You can try this recipe. You can use poached shrimp, shrimp/fish tempura, or lump crab meat if you like in place of the lobster. 

Lobster and Avocado Summer Roll with Mango Coulis - Allrecipes


----------



## Cooper'sMom (Jul 15, 2008)

MostlyWater said:


> Cooper's, do you think it's going to taste eggy ?


 
Why not try it and see. I am used to cooking Asian foods so I will/may not know the difference in your taste buds. I am not being sarcastic here...just being a realist......you will never know if you don't try...


----------



## MostlyWater (Jul 16, 2008)

We ate the (baked) eggrolls last night and they were very nice.  For some reason DS didn't eat his so I am going to see how they freeze.
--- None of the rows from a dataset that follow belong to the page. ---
lemma integrable_integral_cong_AE:
  assumes "integrable M g" "f \<in> borel_measurable M" "AE x in M. f x = g x"
  shows "integrable M f" and "integral\<^sup>L M f = integral\<^sup>L M g"
  using integrable_cong_AE[OF assms(2) borel_measurable_integrable[OF assms(1)] assms(3)]
    integral_cong_AE[OF assms(2) borel_measurable_integrable[OF assms(1)] assms(3)] assms(1)
  by simp_all

definition ratio_exponent :: "'i \<Rightarrow> 'i \<Rightarrow> 'i \<Rightarrow> 'i \<Rightarrow> real" where
  "ratio_exponent i j k l = 2 + of_bool (i = k) + of_bool (j = l)
     - of_bool (i = j) - of_bool (i = l) - of_bool (k = j) - of_bool (k = l)"

lemma sum_signed_deltas_square:
  assumes "finite A" "i \<in> A" "j \<in> A" "k \<in> A" "l \<in> A"
  shows "(\<Sum>m\<in>A. (of_bool (m = i) - of_bool (m = j) + of_bool (m = k) - of_bool (m = l))\<^sup>2)
    = 2 * ratio_exponent i j k l"
proof -
  have "(of_bool (m = i) - of_bool (m = j) + of_bool (m = k) - of_bool (m = l) :: real)\<^sup>2
    = of_bool (m = i) * (1 + 2 * of_bool (i = k) - 2 * of_bool (i = j) - 2 * of_bool (i = l))
    + of_bool (m = j) * (1 + 2 * of_bool (j = l) - 2 * of_bool (k = j))
    + of_bool (m = k) * (1 - 2 * of_bool (k = l)) + of_bool (m = l)" for m
    by (simp add: of_bool_def power2_eq_square algebra_simps)
  then show ?thesis
    using assms by (simp add: sum.distrib ratio_exponent_def)
qed

lemma sum_fun_eq_member:
  assumes "finite I" "i \<in> I"
  shows "(\<Sum>k\<in>I. F (i = k)) = F True + (real (card I) - 1) * F False"
proof -
  have "(\<Sum>k\<in>I. F (i = k)) = F True + (\<Sum>k\<in>I - {i}. F (i = k))"
    using sum.remove[OF assms, of "\<lambda>k. F (i = k)"] by simp
  also have "(\<Sum>k\<in>I - {i}. F (i = k)) = (\<Sum>k\<in>I - {i}. F False)"
    by (intro sum.cong) auto
  also have "\<dots> = (real (card I) - 1) * F False"
  proof -
    have "1 \<le> card I"
      using assms by (metis One_nat_def Suc_leI card_gt_0_iff empty_iff)
    with assms show ?thesis
      by (simp add: of_nat_diff)
  qed
  finally show ?thesis .
qed

lemma exp_mult_of_bool: "exp (c * of_bool P) = 1 + (exp c - 1) * of_bool P"
  by (cases P) auto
I want to use the rest of the wrappers to make the Thai thing someone posted earlier, I gotta find it.


----------



## Michael in FtW (Jul 18, 2008)

MostlyWater said:


> I don't have a deep fryer, so I can't "properly" fry anything.


 
"Properly Frying" has nothing to do with any special equipment deep fryer. Properly frying is a matter of technique. All you need is a 5-6 qt pot, a candy/fry thermometer ($5-$10 - or a probe thermometer - although you can use cubes of bread or the handle of a wooden spoon to tell you if your oil is at fry temp) to verify the temp of your oil, and not trying to add too much food to the pot at one time - adding too much food will reduce the temp of the oil to a level that it can not quickly recover.
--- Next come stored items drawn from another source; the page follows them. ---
(* Let $(\tau_n)$ be a sequence of positive reals with $\tau_n\to\infty$ and let $g:(0,\infty)\to(0,\infty)$ satisfy $g(\tau)\to\infty$ as $\tau\to\infty$. Then there is a Lebesgue conull set $E\subset(0,\infty)$ such that for every $r\in E$ and every $k\in\mathbb{N}$, $$\limsup_{n\to\infty}\ \tau_n^{1/2}\,|J_{k/2}(r\tau_n)|\,g(\tau_n)=\infty,$$ where $J_\nu$ denotes the Bessel function of the first kind of order $\nu$. *)

theory Defs
  imports "HOL-Analysis.Analysis"
begin

definition bessel_J :: "real \<Rightarrow> real \<Rightarrow> real" where
  "bessel_J \<nu> x = (\<Sum>m. (-1) ^ m / (fact m * Gamma (real m + \<nu> + 1))
                         * (x / 2) ^ (2 * m) * (x / 2) powr \<nu>)"

end

theory Submission
  imports Defs
begin

(* The function u(x) = 2^nu sqrt x J_nu(x) solves u'' = -(1 - (nu^2 - 1/4) / x^2) u, so its
   energy u^2 + u'^2 stays between two positive constants for large x (a Gronwall argument).
   On a compact interval of r, the function v(r) = u(r t) therefore oscillates with frequency t
   and energy bounded below, and the arctan-weighted energy arctan(v/delta) v' shows that
   {r. |v r| <= delta} has measure O(delta) uniformly in t. Hence the set of r with
   |u(r tau_n)| <= delta for all large n has measure O(delta), so almost every r has
   sqrt(tau_n) |J_nu(r tau_n)| not tending to 0; multiplying by g(tau_n) -> infinity gives
   limsup = infinity, and E is the complement of the countably many exceptional null sets. *)

section \<open>Sublevel sets of oscillating functions\<close>

lemma compact_sublevel_family:
  fixes f :: "'i \<Rightarrow> 'a::t2_space \<Rightarrow> real"
  assumes "compact S" and "\<And>i. i \<in> I \<Longrightarrow> continuous_on S (f i)"
  shows "compact {x\<in>S. \<forall>i\<in>I. \<bar>f i x\<bar> \<le> \<delta>}"
proof -
  have "closed (S \<inter> f i -` {-\<delta>..\<delta>})" if "i \<in> I" for i
    using assms that by (intro continuous_closed_preimage) (auto intro: compact_imp_closed)
  then have "closed (\<Inter>i\<in>I. S \<inter> f i -` {-\<delta>..\<delta>})"
    by blast
  moreover have "{x\<in>S. \<forall>i\<in>I. \<bar>f i x\<bar> \<le> \<delta>} = S \<inter> (\<Inter>i\<in>I. S \<inter> f i -` {-\<delta>..\<delta>})"
    by (auto simp: abs_le_iff)
  ultimately show ?thesis
    using \<open>compact S\<close> by (simp add: compact_Int_closed)
qed

lemma integral_lower_bound_indicator:
  fixes h :: "real \<Rightarrow> real"
  assumes "A \<le> B" and "F \<subseteq> {A..B}" and "F \<in> lmeasurable"
    and "(h has_integral I) {A..B}"
    and "\<And>x. x \<in> {A..B} \<Longrightarrow> c * indicator F x - m \<le> h x"
  shows "c * measure lebesgue F - m * (B - A) \<le> I"
proof -
  have "(indicator F has_integral measure lebesgue F) {A..B}"
    unfolding indicator_def of_bool_def using has_integral_restrict[OF \<open>F \<subseteq> {A..B}\<close>, of "\<lambda>_. 1::real"] \<open>F \<in> lmeasurable\<close>
    by (simp add: lmeasure_integral integrable_integral lmeasurable_iff_integrable_on)
  then have "((\<lambda>x. c * indicator F x - m) has_integral c * measure lebesgue F - m * (B - A)) {A..B}"
    using \<open>A \<le> B\<close> by (auto intro!: has_integral_diff has_integral_mult_right has_integral_const_real[THEN has_integral_eq_rhs])
  then show ?thesis
    using assms(4,5) by (rule has_integral_le)
qed

lemma has_real_derivative_arctan_mult:
  assumes "(v has_real_derivative v1) (at x)" and "(w has_real_derivative w1) (at x)" and "\<delta> > 0"
  shows "((\<lambda>x. \<delta> * arctan (v x / \<delta>) * w x) has_real_derivative
           \<delta>\<^sup>2 * v1 * w x / (\<delta>\<^sup>2 + (v x)\<^sup>2) + \<delta> * arctan (v x / \<delta>) * w1) (at x)"
proof -
  have "((\<lambda>x. \<delta> * arctan (v x / \<delta>) * w x) has_real_derivative
          \<delta> * (inverse (1 + (v x / \<delta>)\<^sup>2) * (v1 / \<delta>)) * w x + \<delta> * arctan (v x / \<delta>) * w1) (at x)"
    using assms by (auto intro!: derivative_eq_intros DERIV_chain2[OF DERIV_arctan])
  moreover have "\<delta> * (inverse (1 + (v x / \<delta>)\<^sup>2) * (v1 / \<delta>)) = \<delta>\<^sup>2 * v1 / (\<delta>\<^sup>2 + (v x)\<^sup>2)"
    using \<open>\<delta> > 0\<close> by (simp add: field_simps power2_eq_square add_pos_nonneg)
  ultimately show ?thesis
    by simp
qed
primrec gg :: "('f, 'p) fm \<Rightarrow> ('f, 'p) fm" where
  "gg Bot = Bot"
| "gg (Atom p ts) = Neg (Neg (Atom p ts))"
| "gg (And \<phi> \<psi>) = And (gg \<phi>) (gg \<psi>)"
| "gg (Or \<phi> \<psi>) = Neg (And (Neg (gg \<phi>)) (Neg (gg \<psi>)))"
| "gg (Imp \<phi> \<psi>) = Imp (gg \<phi>) (gg \<psi>)"
| "gg (All \<phi>) = All (gg \<phi>)"
| "gg (Ex \<phi>) = Neg (All (Neg (gg \<phi>)))"

text \<open>Codes of primitive recursive functions: Comp m f gs is the m-ary composition
  of f with gs; Rec f g is h with h 0 xs = f xs and h (S x) xs = g (h x xs) x xs.\<close>
datatype prfn = Zero | Succ | Proj nat nat | Comp nat prfn "prfn list" | Rec prfn prfn

primrec arity :: "prfn \<Rightarrow> nat" where
  "arity Zero = 0"
| "arity Succ = 1"
| "arity (Proj n i) = n"
| "arity (Comp m f gs) = m"
| "arity (Rec f g) = Suc (arity f)"

fun wf_prf :: "prfn \<Rightarrow> bool" where
  "wf_prf Zero = True"
| "wf_prf Succ = True"
| "wf_prf (Proj n i) = (i < n)"
| "wf_prf (Comp m f gs) = (wf_prf f \<and> length gs = arity f \<and>
      (\<forall>g\<in>set gs. wf_prf g \<and> arity g = m))"
| "wf_prf (Rec f g) = (wf_prf f \<and> wf_prf g \<and> arity g = Suc (Suc (arity f)))"

datatype apred = EqP

type_synonym afm = "(prfn, apred) fm"

fun wf_trm :: "prfn trm \<Rightarrow> bool" where
  "wf_trm (Var i) = True"
| "wf_trm (Fn f ts) = (wf_prf f \<and> length ts = arity f \<and> (\<forall>t\<in>set ts. wf_trm t))"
If you have the oil at the proper temp - and you don't add too much food so that it causes the oil temp to drop too much - the heat from the oil causes the moisture in the food to rapidly expand, which creates outward pressure, this outward water vapor pressure prevents oil from moving into the food. Properly done - the only oil will be on the surface ... not absorbed into the food. Draining will remove a lot of the surface oil.

If you want to "bake" your egg-rolls - I tend to agree with what elaine l said - brush them with oil and "bake" (roast) them.


----------



## CantCookButLoveToEat (Jul 18, 2008)

*rolls*

google Vietnamese spring rolls, they're pretty good rolls too =)

may not even need cooking if you don't have meat in them


----------



## MostlyWater (Jul 30, 2008)

you need the righ tkind of wrapper, though


----------